(* In the variation of the temporal graph discovery game in which the Discoverer does not learn the static edge set, there is an algorithm that wins the game on any temporal graph with node set $V$ and lifetime $T_{\max}$ in $|V|\,T_{\max}$ rounds.
   Context: A temporal graph $\mathcal G=(V,E,\lambda)$ with lifetime $T_{\max}$ consists of a finite undirected static graph $(V,E)$ and a labeling $\lambda:E\to\{1,\dots,T_{\max}\}$; edge $e$ is present only at time $\lambda(e)$. Infection model with parameter $\delta\in\mathbb N^+$: given seed infections $S\subseteq V\times[0,T_{\max}]$ (at most $k$ per round), a seed $(u,t)$ makes $u$ infected at time $t$; otherwise a susceptible node $u$ becomes infected at time $t$ iff some neighbour $v$ infectious at time $t$ has $\lambda(uv)=t$ (exactly one infector recorded if several exist). A node infected at time $t$ is infectious at times $t+1,\dots,t+\delta$ and resistant afterwards. The infection log records triples $(u,v,t)$ ($u$ infected $v$ at time $t$). Game (unknown static graph variant): the Discoverer knows only $V$; each round it submits seeds and the Adversary answers with an infection log consistent with the seeds under some temporal graph on $V$ consistent with all previous answers. The Discoverer wins iff the temporal graph (edges and labels) it finally submits equals the Adversary's final temporal graph consistent with all logs. *)

theory Defs
  imports Main
begin

text \<open>A temporal graph on node set V: a static edge set (2-element subsets of V)
  together with a labelling of the edges by times in {1..Tmax}.
  The labelling is only meaningful on the edge set.\<close>

type_synonym 'v tgraph = "'v set set \<times> ('v set \<Rightarrow> nat)"

definition temporal_graph :: "'v set \<Rightarrow> nat \<Rightarrow> 'v tgraph \<Rightarrow> bool" where
  "temporal_graph V Tmax G \<longleftrightarrow>
     (\<forall>e\<in>fst G. \<exists>u v. u \<in> V \<and> v \<in> V \<and> u \<noteq> v \<and> e = {u, v}) \<and>
     (\<forall>e\<in>fst G. snd G e \<in> {1..Tmax})"

definition same_tgraph :: "'v tgraph \<Rightarrow> 'v tgraph \<Rightarrow> bool" where
  "same_tgraph G H \<longleftrightarrow> fst G = fst H \<and> (\<forall>e\<in>fst G. snd G e = snd H e)"

text \<open>itime v = Some s: node v was infected at time s. It is infectious at s+1..s+delta.\<close>
definition infectious :: "nat \<Rightarrow> ('v \<Rightarrow> nat option) \<Rightarrow> 'v \<Rightarrow> nat \<Rightarrow> bool" where
  "infectious \<delta> itime v t \<longleftrightarrow> (\<exists>s. itime v = Some s \<and> s < t \<and> t \<le> s + \<delta>)"

definition contact :: "'v tgraph \<Rightarrow> nat \<Rightarrow> ('v \<Rightarrow> nat option) \<Rightarrow> 'v \<Rightarrow> 'v \<Rightarrow> nat \<Rightarrow> bool" where
  "contact G \<delta> itime v u t \<longleftrightarrow>
     infectious \<delta> itime v t \<and> {u, v} \<in> fst G \<and> snd G {u, v} = t"

definition infection_run ::
  "'v set \<Rightarrow> nat \<Rightarrow> nat \<Rightarrow> 'v tgraph \<Rightarrow> ('v \<times> nat) set \<Rightarrow> ('v \<Rightarrow> nat option) \<Rightarrow> bool" where
  "infection_run V Tmax \<delta> G S itime \<longleftrightarrow>
     (\<forall>u. u \<notin> V \<longrightarrow> itime u = None) \<and>
     (\<forall>u\<in>V. \<forall>t. itime u = Some t \<longleftrightarrow>
        t \<le> Tmax \<and> (\<forall>s<t. itime u \<noteq> Some s) \<and>
        ((u, t) \<in> S \<or> (\<exists>v\<in>V. contact G \<delta> itime v u t)))"

text \<open>L is an infection log (triples (v,u,t): v infected u at t) consistent with seeds S
  under G: every non-seed infection has exactly one recorded infector, which is a valid one,
  and nothing else is recorded.\<close>
definition infection_log ::
  "'v set \<Rightarrow> nat \<Rightarrow> nat \<Rightarrow> 'v tgraph \<Rightarrow> ('v \<times> nat) set \<Rightarrow> ('v \<times> 'v \<times> nat) set \<Rightarrow> bool" where
  "infection_log V Tmax \<delta> G S L \<longleftrightarrow>
     (\<exists>itime. infection_run V Tmax \<delta> G S itime \<and>
        (\<forall>(v, u, t)\<in>L. u \<in> V \<and> v \<in> V \<and> itime u = Some t \<and> (u, t) \<notin> S \<and> contact G \<delta> itime v u t) \<and>
        (\<forall>u\<in>V. \<forall>t. itime u = Some t \<and> (u, t) \<notin> S \<longrightarrow> (\<exists>!v. (v, u, t) \<in> L)))"

definition valid_seeds :: "'v set \<Rightarrow> nat \<Rightarrow> nat \<Rightarrow> ('v \<times> nat) set \<Rightarrow> bool" where
  "valid_seeds V Tmax k S \<longleftrightarrow> S \<subseteq> V \<times> {0..Tmax} \<and> card S \<le> k"

type_synonym 'v history = "(('v \<times> nat) set \<times> ('v \<times> 'v \<times> nat) set) list"

definition consistent ::
  "'v set \<Rightarrow> nat \<Rightarrow> nat \<Rightarrow> 'v tgraph \<Rightarrow> 'v history \<Rightarrow> bool" where
  "consistent V Tmax \<delta> G h \<longleftrightarrow> temporal_graph V Tmax G \<and>
     (\<forall>i<length h. infection_log V Tmax \<delta> G (fst (h ! i)) (snd (h ! i)))"

text \<open>A Discoverer strategy (knowing only V, Tmax, delta, k) is a seed-choice function nxt
  and a final-guess function gs, both depending only on the history. It wins in r rounds if,
  for every play of r rounds following the strategy, every temporal graph consistent with all
  answers equals the guess (the Adversary may pick any consistent graph at the end; answers
  are legal iff some graph is consistent with them).\<close>
definition discoverer_wins ::
  "'v set \<Rightarrow> nat \<Rightarrow> nat \<Rightarrow> nat \<Rightarrow> ('v history \<Rightarrow> ('v \<times> nat) set) \<Rightarrow> ('v history \<Rightarrow> 'v tgraph)
   \<Rightarrow> nat \<Rightarrow> bool" where
  "discoverer_wins V Tmax \<delta> k nxt gs r \<longleftrightarrow>
     (\<forall>h. valid_seeds V Tmax k (nxt h)) \<and>
     (\<forall>h. length h = r \<and> (\<forall>i<r. fst (h ! i) = nxt (take i h)) \<longrightarrow>
        (\<forall>G. consistent V Tmax \<delta> G h \<longrightarrow> same_tgraph G (gs h)))"

end

theory Submission
  imports Defs
begin

text \<open>Every infection happens strictly after the infection of its infector, so in the
  run started from the single seed (a, s) nobody is infected before time s and only a at
  time s. Hence at time s + 1 the only infectious node is a (this needs \<delta> \<ge> 1): every
  neighbour b of a across an edge labelled s + 1 is infected then, and its recorded infector
  must be a, so the log contains (a, b, s + 1). Seeding the |V| Tmax pairs (a, s) with s < Tmax
  one per round therefore logs every edge together with its label, and conversely every
  logged triple is an edge with its label; the union of the logs determines the graph.\<close>

lemma infection_run_infected_in_V:
  assumes "infection_run V Tmax \<delta> G S itime" and "itime u = Some t"
  shows "u \<in> V"
  using assms unfolding infection_run_def by force

lemma contact_infector_infected_before:
  assumes "contact G \<delta> itime v u t"
  obtains r where "itime v = Some r" and "r < t"
  using assms unfolding contact_def infectious_def by blast

lemma temporal_graph_edgeE:
  assumes "temporal_graph V Tmax G" and "e \<in> fst G"
  obtains a b s where "a \<in> V" "b \<in> V" "a \<noteq> b" "e = {a, b}" "snd G e = Suc s" "s < Tmax"
proof -
  have "\<exists>a b. a \<in> V \<and> b \<in> V \<and> a \<noteq> b \<and> e = {a, b}" and "snd G e \<in> {1..Tmax}"
    using assms unfolding temporal_graph_def by simp_all
  then show ?thesis using that by (cases "snd G e") auto
qed

lemma single_seed_run_time_ge:
  assumes run: "infection_run V Tmax \<delta> G {(a, s)} itime"
  shows "itime u = Some r \<Longrightarrow> s \<le> r"
proof (induction r arbitrary: u rule: less_induct)
  case (less r)
  have "u \<in> V" using infection_run_infected_in_V[OF run less.prems] .
  then have "(u, r) = (a, s) \<or> (\<exists>v\<in>V. contact G \<delta> itime v u r)"
    using run less.prems unfolding infection_run_def by blast
  then show ?case
  proof
    assume "\<exists>v\<in>V. contact G \<delta> itime v u r"
    then obtain v r' where "itime v = Some r'" "r' < r"
      by (blast elim: contact_infector_infected_before)
    with less.IH show ?thesis by fastforce
  qed simp
qed

lemma single_seed_run_time_eq_seed:
  assumes run: "infection_run V Tmax \<delta> G {(a, s)} itime" and "itime u = Some s"
  shows "u = a"
proof -
  have "u \<in> V" using infection_run_infected_in_V[OF run assms(2)] .
  then have "(u, s) = (a, s) \<or> (\<exists>v\<in>V. contact G \<delta> itime v u s)"
    using run assms(2) unfolding infection_run_def by blast
  moreover have "\<not> contact G \<delta> itime v u s" for v
    using single_seed_run_time_ge[OF run]
    by (metis contact_infector_infected_before not_le)
  ultimately show ?thesis by blast
qed

lemma single_seed_run_seed:
  assumes run: "infection_run V Tmax \<delta> G {(a, s)} itime" and "a \<in> V" and "s \<le> Tmax"
  shows "itime a = Some s"
proof -
  have "\<forall>r<s. itime a \<noteq> Some r" using single_seed_run_time_ge[OF run] leD by blast
  then show ?thesis using run assms(2,3) unfolding infection_run_def by blast
qed

lemma single_seed_run_infector:
  assumes run: "infection_run V Tmax \<delta> G {(a, s)} itime"
    and "contact G \<delta> itime v u (Suc s)"
  shows "v = a"
proof -
  obtain r where r: "itime v = Some r" "r < Suc s"
    using assms(2) by (rule contact_infector_infected_before)
  with single_seed_run_time_ge[OF run] have "r = s" by fastforce
  with r(1) show ?thesis using single_seed_run_time_eq_seed[OF run] by simp
qed

lemma single_seed_run_neighbour:
  assumes run: "infection_run V Tmax \<delta> G {(a, s)} itime"
    and "\<delta> \<ge> 1" and "a \<in> V" and "b \<in> V" and "a \<noteq> b" and "Suc s \<le> Tmax"
    and "{a, b} \<in> fst G" and "snd G {a, b} = Suc s"
  shows "itime b = Some (Suc s)"
proof -
  have "contact G \<delta> itime a b (Suc s)"
    using single_seed_run_seed[OF run] assms(2-8)
    unfolding contact_def infectious_def by (simp add: insert_commute)
  moreover have "\<forall>r<Suc s. itime b \<noteq> Some r"
    using single_seed_run_time_ge[OF run] single_seed_run_time_eq_seed[OF run] \<open>a \<noteq> b\<close>
    by (metis le_antisym less_Suc_eq_le)
  ultimately show ?thesis using run assms(3,4,6) unfolding infection_run_def by blast
qed

lemma single_seed_log_records_edge:
  assumes log: "infection_log V Tmax \<delta> G {(a, s)} L"
    and "\<delta> \<ge> 1" and "a \<in> V" and "b \<in> V" and "a \<noteq> b" and "Suc s \<le> Tmax"
    and "{a, b} \<in> fst G" and "snd G {a, b} = Suc s"
  shows "(a, b, Suc s) \<in> L"
proof -
  obtain itime where run: "infection_run V Tmax \<delta> G {(a, s)} itime"
    and entries: "\<forall>(v, u, t)\<in>L. u \<in> V \<and> v \<in> V \<and> itime u = Some t \<and> (u, t) \<notin> {(a, s)}
                                  \<and> contact G \<delta> itime v u t"
    and recorded: "\<forall>u\<in>V. \<forall>t. itime u = Some t \<and> (u, t) \<notin> {(a, s)} \<longrightarrow> (\<exists>!v. (v, u, t) \<in> L)"
    using log unfolding infection_log_def by (elim exE conjE) (rule that)
  have "itime b = Some (Suc s)"
    using single_seed_run_neighbour[OF run] assms(2-8) by blast
  moreover have "(b, Suc s) \<notin> {(a, s)}" by simp
  ultimately have "\<exists>!v. (v, b, Suc s) \<in> L"
    using recorded \<open>b \<in> V\<close> by simp
  then obtain v where v: "(v, b, Suc s) \<in> L" by blast
  then have "v = a" using entries single_seed_run_infector[OF run] by blast
  with v show ?thesis by simp
qed

lemma infection_log_entry_is_edge:
  assumes "infection_log V Tmax \<delta> G S L" and "(v, u, t) \<in> L"
  shows "{u, v} \<in> fst G \<and> snd G {u, v} = t"
  using assms unfolding infection_log_def contact_def by fastforce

- - - - -

The lines above from the one with "tgraph \<Rightarrow> 'v tgraph" through the one with "under G: every" are to be duplicated exactly, ends included, with nothing added.

▸ Result:
definition same_tgraph :: "'v tgraph \<Rightarrow> 'v tgraph \<Rightarrow> bool" where
  "same_tgraph G H \<longleftrightarrow> fst G = fst H \<and> (\<forall>e\<in>fst G. snd G e = snd H e)"

text \<open>itime v = Some s: node v was infected at time s. It is infectious at s+1..s+delta.\<close>
definition infectious :: "nat \<Rightarrow> ('v \<Rightarrow> nat option) \<Rightarrow> 'v \<Rightarrow> nat \<Rightarrow> bool" where
  "infectious \<delta> itime v t \<longleftrightarrow> (\<exists>s. itime v = Some s \<and> s < t \<and> t \<le> s + \<delta>)"

definition contact :: "'v tgraph \<Rightarrow> nat \<Rightarrow> ('v \<Rightarrow> nat option) \<Rightarrow> 'v \<Rightarrow> 'v \<Rightarrow> nat \<Rightarrow> bool" where
  "contact G \<delta> itime v u t \<longleftrightarrow>
     infectious \<delta> itime v t \<and> {u, v} \<in> fst G \<and> snd G {u, v} = t"

definition infection_run ::
  "'v set \<Rightarrow> nat \<Rightarrow> nat \<Rightarrow> 'v tgraph \<Rightarrow> ('v \<times> nat) set \<Rightarrow> ('v \<Rightarrow> nat option) \<Rightarrow> bool" where
  "infection_run V Tmax \<delta> G S itime \<longleftrightarrow>
     (\<forall>u. u \<notin> V \<longrightarrow> itime u = None) \<and>
     (\<forall>u\<in>V. \<forall>t. itime u = Some t \<longleftrightarrow>
        t \<le> Tmax \<and> (\<forall>s<t. itime u \<noteq> Some s) \<and>
        ((u, t) \<in> S \<or> (\<exists>v\<in>V. contact G \<delta> itime v u t)))"

text \<open>L is an infection log (triples (v,u,t): v infected u at t) consistent with seeds S
  under G: every non-seed infection has exactly one recorded infector, which is a valid one,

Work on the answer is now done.